Some metrics remains undefined like targets on water conservation, but the pledge give the signatories until end 2021 to define and agree a metric with the European Commission.

== Verification ==
External verification came only in the pact's second year. In December 2022 an audit framework was published, drawn up with the certification company Bureau Veritas, so that independent auditors could check what signatories claimed and answer the scepticism that attaches to environmental commitments in the sector. It applied from 2023 to every signatory (104 of them by then). Its scope follows the pledge itself: energy efficiency, renewable electricity, water, equipment reuse, waste heat. The framework is aligned with the EU Taxonomy Regulation, and it recognises equivalent CEN-CENELEC, ISO/IEC, ASHRAE and ANSI/ISA standards, so that an operator already certified need not certify twice.

== Signatories ==
Cloud infrastructure providers and Data centre signatories include: 3DS Outscale (Dassault Systèmes), Altuhost, Aruba, Atos, AWS (Amazon Web Services), CyrusOne, Data4, DigiPlex, Digital Realty & Interxion, Equinix, FlameNetworks, Gigas, Google, Ikoula, Ilger, Infloclip, Intel Corporation, Irideos, ITnet, LCL, Leaseweb, next layer, NTT, OVHcloud, Register, Scaleway, and Seeweb.

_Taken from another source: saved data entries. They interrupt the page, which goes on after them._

theorem theorem3p1:
  fixes A B :: "complex mat" and m n p :: nat
  assumes "A \<in> carrier_mat m n" and "B \<in> carrier_mat n p"
  shows "({G * A1 | G A1. A1 \<in> inv1 A \<and> G \<in> inv1 (A1 * A * B)} \<subseteq> inv1 (A * B))
   \<and> ({B1 * G | G B1. B1 \<in> inv1 B \<and> G \<in> inv1 (A * B * B1)} \<subseteq> inv1 (A * B))
   \<and> ({G * ctrans A | G. G \<in> inv1 (ctrans A * A * B)} \<subseteq> inv1 (A * B))
   \<and> ({ctrans B * G | G. G \<in> inv1 (A * B * ctrans B)} \<subseteq> inv1 (A * B))
   \<and> ({G * A * ctrans A | G. G \<in> inv1 (A * ctrans A * A * B)} \<subseteq> inv1 (A * B))
   \<and> ({ctrans B * B * G | G. G \<in> inv1 (A * B * ctrans B * B)} \<subseteq> inv1 (A * B))
   \<and> ({B1 * G * A1 | G A1 B1. A1 \<in> inv1 A \<and> B1 \<in> inv1 B \<and> G \<in> inv1 (A1 * A * B * B1)}
      \<subseteq> inv1 (A * B))
   \<and> ({ctrans B * G * ctrans A | G. G \<in> inv1 (ctrans A * A * B * ctrans B)} \<subseteq> inv1 (A * B))
   \<and> ({ctrans B * B * G * A * ctrans A | G. G \<in> inv1 (A * ctrans A * A * B * ctrans B * B)}
      \<subseteq> inv1 (A * B))"
proof -
  note A = assms(1) and B = assms(2)
  note left = inv1_mult_sandwich_left[OF A B] and right = inv1_mult_sandwich_right[OF A B]
    and both = inv1_mult_sandwich[OF A B]
  have A1: "A1 \<in> carrier_mat n m" if "A1 \<in> inv1 A" for A1
    using inv1_carrier[OF that] A by simp
  have B1: "B1 \<in> carrier_mat p n" if "B1 \<in> inv1 B" for B1
    using inv1_carrier[OF that] B by simp
  have At: "ctrans A \<in> carrier_mat n m" and Bt: "ctrans B \<in> carrier_mat p n"
    and AAt: "A * ctrans A \<in> carrier_mat m m" and BtB: "ctrans B * B \<in> carrier_mat p p"
    using A B by auto
  have "G * A * ctrans A \<in> inv1 (A * B)" if "G \<in> inv1 (A * ctrans A * A * B)" for G
    using left[OF AAt left_cancels_mult_ctrans that] inv1_carrier[OF that] A B
    by (simp add: assoc_mult_mat_dim)
  moreover have "ctrans B * B * G \<in> inv1 (A * B)" if "G \<in> inv1 (A * B * ctrans B * B)" for G
    using right[OF BtB right_cancels_ctrans_mult] that A B by (simp add: assoc_mult_mat_dim)
  moreover have "ctrans B * B * G * A * ctrans A \<in> inv1 (A * B)"
    if "G \<in> inv1 (A * ctrans A * A * B * ctrans B * B)" for G
    using both[OF AAt BtB left_cancels_mult_ctrans right_cancels_ctrans_mult, where G = G] that
      inv1_carrier[OF that] A B
    by (simp add: assoc_mult_mat_dim)
  ultimately show ?thesis
    using A1 B1 left[OF At left_cancels_ctrans] right[OF Bt right_cancels_ctrans]
      both[OF At Bt left_cancels_ctrans right_cancels_ctrans]
      left[OF A1 left_cancels_inv1] right[OF B1 right_cancels_inv1]
      both[OF A1 B1 left_cancels_inv1 right_cancels_inv1]
    by blast
qed

end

In addition, the 17 trade associations signed up at the launch are: Association of Cloud Infrastructure Services Providers Europe (CISPE), the European Data Centre Association (EUDCA), Cloud28+, Cloud Community Poland, Danish Cloud Community, Datacentre Industrien, Data Centre Alliance, Dutch Data Centre Association, Dutch Hosting Providers Association, Eco - Alliance for strengthening digital infrastructures in Germany, EuroCloud Croatia, EuroCloud France, France Datacenter, Host in Scotland, IKT-Norge, ISPConnect, and TechUK.
In June 2021, signatories include 54 providers and 23 trade associations, including providers like IBM or T-Systems as well as the .

== Relationship to European Union law ==
The pact binds no one in law; it is a self-regulatory initiative. Binding rules came afterwards. Directive (EU) 2023/1791 of 13 September 2023 on energy efficiency requires data centres to report on their energy performance and sustainability, and Commission Delegated Regulation (EU) 2024/1364 of 14 March 2024 set out the first phase of a common Union rating scheme for data centres.

The threshold is 500 kW of installed information technology power. Above it, an operator reports to a European database. What must be reported is set out in Annex VII to the directive: energy consumption, power utilisation, temperature set points, waste heat utilisation, water usage and the share of renewable energy (much the same ground the pact had covered voluntarily three years earlier). First returns fell due on 15 September 2024, and annually from 15 May 2025.